Police explain that elves grow in size once they leave the magic tree.

Quinn said Keebler's safety violations number in the hundreds, and singled out a controversial, high-velocity device retrofitted in 1992 to manufacture Chips Deluxe cookies.

"During the 13 years the device has been in use, it has pelted numerous elves with chocolate chips," Quinn said. "Just last year, an elf was hospitalized after being pummeled with chips moving at speeds exceeding 80 miles per hour."

The elf, 212-year-old Ireth Telemnar, later died from massive internal bleeding and head trauma.

While no public records are kept on the number of magic-creature body parts that turn up in processed foodstuffs, Calvin Blosser, a senior researcher for the Food and Drug Administration, said that their frequency is very low.

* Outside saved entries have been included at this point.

(* Let $B$ be a Horn program, $E^+,E^-$ finite sets of ground atoms, and $H,H'\in\mathcal{H}_{D,C}$ hypotheses with $H'$ a generalization of $H$. If $size(H') > fn(H,B,E^+) + size(H)$, then $S_{MDL}(H,B,E^+,E^-) > S_{MDL}(H',B,E^+,E^-)$.
   Context: A definite clause is a clause with exactly one positive literal. A hypothesis is a finite set of definite clauses; $\mathcal{H}_{D,C}$ denotes the hypothesis space of hypotheses consistent with a declaration bias $D$ and hypothesis constraints $C$ (only membership matters). $size(H)$ is the total number of literals in $H$. $B$ is background knowledge, $E^+$ positive and $E^-$ negative examples. For a hypothesis $H$: $tp(H,B,E^+)=|\{e\in E^+ : H\cup B\models e\}|$, $tn(H,B,E^-)=|\{e\in E^- : H\cup B\not\models e\}|$, $fn(H,B,E^+)=|E^+|-tp(H,B,E^+)$, and $S_{MDL}(H,B,E^+,E^-)=tp(H,B,E^+)+tn(H,B,E^-)-size(H)$. A clause $C_1$ subsumes a clause $C_2$ iff there is a substitution $\theta$ with $C_1\theta\subseteq C_2$. A clausal theory $T_1$ subsumes $T_2$ ($T_1\preceq T_2$) iff every clause of $T_2$ is subsumed by some clause of $T_1$. $T_1$ is a generalization of $T_2$ iff $T_1\preceq T_2$, and a specialization of $T_2$ iff $T_2\preceq T_1$. *)

theory Defs
  imports Main
begin

datatype ('f, 'v) fterm = Var 'v | Fn 'f "('f, 'v) fterm list"

type_synonym ('p, 'f, 'v) atom = "'p \<times> ('f, 'v) fterm list"

datatype ('p, 'f, 'v) literal = Pos "('p, 'f, 'v) atom" | Neg "('p, 'f, 'v) atom"

text \<open>A clause is a finite set of literals (a disjunction, variables implicitly
  universally quantified).\<close>
type_synonym ('p, 'f, 'v) clause = "('p, 'f, 'v) literal set"

fun vars_term :: "('f, 'v) fterm \<Rightarrow> 'v set" where
  "vars_term (Var x) = {x}"
| "vars_term (Fn f ts) = (\<Union>t \<in> set ts. vars_term t)"

definition ground_term :: "('f, 'v) fterm \<Rightarrow> bool" where
  "ground_term t \<longleftrightarrow> vars_term t = {}"

definition ground_atom :: "('p, 'f, 'v) atom \<Rightarrow> bool" where
  "ground_atom a \<longleftrightarrow> (\<forall>t \<in> set (snd a). ground_term t)"

fun subst_term :: "('v \<Rightarrow> ('f, 'v) fterm) \<Rightarrow> ('f, 'v) fterm \<Rightarrow> ('f, 'v) fterm" where
  "subst_term \<sigma> (Var x) = \<sigma> x"
| "subst_term \<sigma> (Fn f ts) = Fn f (map (subst_term \<sigma>) ts)"

definition subst_atom :: "('v \<Rightarrow> ('f, 'v) fterm) \<Rightarrow> ('p, 'f, 'v) atom \<Rightarrow> ('p, 'f, 'v) atom" where
  "subst_atom \<sigma> a = (fst a, map (subst_term \<sigma>) (snd a))"

fun subst_lit :: "('v \<Rightarrow> ('f, 'v) fterm) \<Rightarrow> ('p, 'f, 'v) literal \<Rightarrow> ('p, 'f, 'v) literal" where
  "subst_lit \<sigma> (Pos a) = Pos (subst_atom \<sigma> a)"
| "subst_lit \<sigma> (Neg a) = Neg (subst_atom \<sigma> a)"

definition subst_clause :: "('v \<Rightarrow> ('f, 'v) fterm) \<Rightarrow> ('p, 'f, 'v) clause \<Rightarrow> ('p, 'f, 'v) clause" where
  "subst_clause \<sigma> C = subst_lit \<sigma> ` C"

definition pos_lits :: "('p, 'f, 'v) clause \<Rightarrow> ('p, 'f, 'v) literal set" where
  "pos_lits C = {l \<in> C. \<exists>a. l = Pos a}"

definition definite_clause :: "('p, 'f, 'v) clause \<Rightarrow> bool" where
  "definite_clause C \<longleftrightarrow> finite C \<and> card (pos_lits C) = 1"

definition horn_clause :: "('p, 'f, 'v) clause \<Rightarrow> bool" where
  "horn_clause C \<longleftrightarrow> finite C \<and> card (pos_lits C) \<le> 1"

definition horn_program :: "('p, 'f, 'v) clause set \<Rightarrow> bool" where
  "horn_program B \<longleftrightarrow> finite B \<and> (\<forall>C \<in> B. horn_clause C)"

definition hypothesis :: "('p, 'f, 'v) clause set \<Rightarrow> bool" where
  "hypothesis H \<longleftrightarrow> finite H \<and> (\<forall>C \<in> H. definite_clause C)"

definition hsize :: "('p, 'f, 'v) clause set \<Rightarrow> nat" where
  "hsize H = (\<Sum>C \<in> H. card C)"

text \<open>A Herbrand interpretation is a set of ground atoms.  A clause is true in
  I iff each of its ground instances contains a true literal.\<close>

definition ground_subst :: "('v \<Rightarrow> ('f, 'v) fterm) \<Rightarrow> bool" where
  "ground_subst \<sigma> \<longleftrightarrow> (\<forall>x. ground_term (\<sigma> x))"

fun lit_true :: "('p, 'f, 'v) atom set \<Rightarrow> ('p, 'f, 'v) literal \<Rightarrow> bool" where
  "lit_true I (Pos a) \<longleftrightarrow> a \<in> I"
| "lit_true I (Neg a) \<longleftrightarrow> a \<notin> I"

definition clause_true :: "('p, 'f, 'v) atom set \<Rightarrow> ('p, 'f, 'v) clause \<Rightarrow> bool" where
  "clause_true I C \<longleftrightarrow> (\<forall>\<sigma>. ground_subst \<sigma> \<longrightarrow> (\<exists>l \<in> C. lit_true I (subst_lit \<sigma> l)))"

definition herbrand_interp :: "('p, 'f, 'v) atom set \<Rightarrow> bool" where
  "herbrand_interp I \<longleftrightarrow> (\<forall>a \<in> I. ground_atom a)"

definition is_model :: "('p, 'f, 'v) atom set \<Rightarrow> ('p, 'f, 'v) clause set \<Rightarrow> bool" where
  "is_model I T \<longleftrightarrow> herbrand_interp I \<and> (\<forall>C \<in> T. clause_true I C)"

definition entails :: "('p, 'f, 'v) clause set \<Rightarrow> ('p, 'f, 'v) atom \<Rightarrow> bool" where
  "entails T e \<longleftrightarrow> (\<forall>I. is_model I T \<longrightarrow> clause_true I {Pos e})"

definition subsumes :: "('p, 'f, 'v) clause \<Rightarrow> ('p, 'f, 'v) clause \<Rightarrow> bool" where
  "subsumes C1 C2 \<longleftrightarrow> (\<exists>\<theta>. subst_clause \<theta> C1 \<subseteq> C2)"

definition theory_subsumes :: "('p, 'f, 'v) clause set \<Rightarrow> ('p, 'f, 'v) clause set \<Rightarrow> bool" where
  "theory_subsumes T1 T2 \<longleftrightarrow> (\<forall>C2 \<in> T2. \<exists>C1 \<in> T1. subsumes C1 C2)"

definition generalization :: "('p, 'f, 'v) clause set \<Rightarrow> ('p, 'f, 'v) clause set \<Rightarrow> bool" where
  "generalization T1 T2 \<longleftrightarrow> theory_subsumes T1 T2"

definition tp :: "('p, 'f, 'v) clause set \<Rightarrow> ('p, 'f, 'v) clause set \<Rightarrow> ('p, 'f, 'v) atom set \<Rightarrow> nat" where
  "tp H B Ep = card {e \<in> Ep. entails (H \<union> B) e}"

definition tn :: "('p, 'f, 'v) clause set \<Rightarrow> ('p, 'f, 'v) clause set \<Rightarrow> ('p, 'f, 'v) atom set \<Rightarrow> nat" where
  "tn H B En = card {e \<in> En. \<not> entails (H \<union> B) e}"

definition fn :: "('p, 'f, 'v) clause set \<Rightarrow> ('p, 'f, 'v) clause set \<Rightarrow> ('p, 'f, 'v) atom set \<Rightarrow> nat" where
  "fn H B Ep = card Ep - tp H B Ep"

definition S_MDL :: "('p, 'f, 'v) clause set \<Rightarrow> ('p, 'f, 'v) clause set \<Rightarrow> ('p, 'f, 'v) atom set \<Rightarrow> ('p, 'f, 'v) atom set \<Rightarrow> int" where
  "S_MDL H B Ep En = int (tp H B Ep) + int (tn H B En) - int (hsize H)"

end

theory Submission
  imports Defs
begin

text \<open>If every clause of H is subsumed by a clause of H', then every model of H' is a model
  of H, so H' (with B) entails every atom that H (with B) entails. Passing from H to H'
  therefore loses no true positive and can gain at most fn(H) of them, while it can only
  lose true negatives. The score thus rises by at most fn(H), which the growth in size
  exceeds. Neither the Horn form of B, nor groundness of the examples, nor the
  declaration bias plays any role.\<close>

lemma subst_term_Var [simp]: "subst_term Var = id"
proof
  show "subst_term Var t = id t" for t :: "('f, 'v) fterm"
    by (induction t) (auto simp: map_idI)
qed

lemma subst_term_subst_term:
  "subst_term \<sigma> (subst_term \<theta> t) = subst_term (subst_term \<sigma> \<circ> \<theta>) t"
  by (induction t) auto

lemma subst_lit_subst_lit:
  "subst_lit \<sigma> (subst_lit \<theta> l) = subst_lit (subst_term \<sigma> \<circ> \<theta>) l"
  by (cases l) (auto simp: subst_atom_def subst_term_subst_term)

lemma ground_term_subst_term:
  "ground_subst \<sigma> \<Longrightarrow> ground_term (subst_term \<sigma> t)"
  by (induction t) (auto simp: ground_subst_def ground_term_def)

lemma ground_subst_comp:
  "ground_subst \<sigma> \<Longrightarrow> ground_subst (subst_term \<sigma> \<circ> \<theta>)"
  by (simp add: ground_subst_def ground_term_subst_term)

lemma subsumes_refl:
  fixes C :: "('p, 'f, 'v) clause"
  shows "subsumes C C"
proof -
  have "subst_lit Var l = l" for l :: "('p, 'f, 'v) literal"
    by (cases l) (simp_all add: subst_atom_def)
  then have "subst_clause Var C = C"
    by (simp add: subst_clause_def)
  then show ?thesis
    unfolding subsumes_def by blast
qed

lemma theory_subsumes_Un:
  "theory_subsumes T1 T2 \<Longrightarrow> theory_subsumes (T1 \<union> B) (T2 \<union> B)"
  unfolding theory_subsumes_def by (blast intro: subsumes_refl)

lemma clause_true_subsumes:
  fixes C1 C2 :: "('p, 'f, 'v) clause"
  assumes "subsumes C1 C2" and "clause_true I C1"
  shows "clause_true I C2"
  unfolding clause_true_def
proof (intro allI impI)
  fix \<sigma> :: "'v \<Rightarrow> ('f, 'v) fterm"
  assume "ground_subst \<sigma>"
  obtain \<theta> where \<theta>: "subst_clause \<theta> C1 \<subseteq> C2"
    using assms(1) unfolding subsumes_def by blast
  obtain l where "l \<in> C1" and "lit_true I (subst_lit (subst_term \<sigma> \<circ> \<theta>) l)"
    using assms(2) ground_subst_comp[OF \<open>ground_subst \<sigma>\<close>] unfolding clause_true_def by blast
  moreover have "subst_lit \<theta> l \<in> C2"
    using \<theta> \<open>l \<in> C1\<close> by (auto simp: subst_clause_def)
  ultimately show "\<exists>l \<in> C2. lit_true I (subst_lit \<sigma> l)"
    by (metis subst_lit_subst_lit)
qed

lemma is_model_theory_subsumes:
  "theory_subsumes T1 T2 \<Longrightarrow> is_model I T1 \<Longrightarrow> is_model I T2"
  unfolding is_model_def theory_subsumes_def by (blast intro: clause_true_subsumes)

lemma entails_theory_subsumes:
  "theory_subsumes T1 T2 \<Longrightarrow> entails T2 e \<Longrightarrow> entails T1 e"
  unfolding entails_def by (blast intro: is_model_theory_subsumes)

lemma entails_generalization:
  "generalization H' H \<Longrightarrow> entails (H \<union> B) e \<Longrightarrow> entails (H' \<union> B) e"
  unfolding generalization_def by (blast intro: entails_theory_subsumes theory_subsumes_Un)

lemma tp_le_card: "finite Ep \<Longrightarrow> tp H B Ep \<le> card Ep"
  unfolding tp_def by (rule card_mono) auto

lemma tn_generalization_le:
  assumes "generalization H' H" and "finite En"
  shows "tn H' B En \<le> tn H B En"
  unfolding tn_def
  using assms by (intro card_mono) (auto dest: entails_generalization)

theorem proposition4p12:
  fixes B H H' :: "('p, 'f, 'v) clause set"
    and Ep En :: "('p, 'f, 'v) atom set"
    and HDC :: "('p, 'f, 'v) clause set set"
  assumes "horn_program B"
    and "finite Ep" and "\<forall>e \<in> Ep. ground_atom e"
    and "finite En" and "\<forall>e \<in> En. ground_atom e"
    and "\<forall>X \<in> HDC. hypothesis X"
    and "H \<in> HDC" and "H' \<in> HDC"
    and "generalization H' H"
    and "hsize H' > fn H B Ep + hsize H"
  shows "S_MDL H B Ep En > S_MDL H' B Ep En"
proof -
  have "tp H' B Ep \<le> card Ep" and "tp H B Ep \<le> card Ep"
    using \<open>finite Ep\<close> by (simp_all add: tp_le_card)
  moreover have "tn H' B En \<le> tn H B En"
    using \<open>generalization H' H\<close> \<open>finite En\<close> by (rule tn_generalization_le)
  ultimately show ?thesis
    using \<open>hsize H' > fn H B Ep + hsize H\<close> unfolding S_MDL_def fn_def by linarith
qed

end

"We estimate that fantasy-creature body fragments in foods such as cookies, crackers, and cereal account for no more than two parts per million," Blosser said. "This is lower than the maximum allowed amount for insect parts and mouse hairs in equivalent products."

Some are questioning Blosser's estimate, as the elfin-finger incident follows an occurrence in April of this year, in which a Sioux City, IA man found the lower half of a diminutive humanoid creature with green leggings, a belt buckle, and pointy green shoes in a box of Lucky Charms cereal. The man settled out of court with General Mills for an undisclosed sum.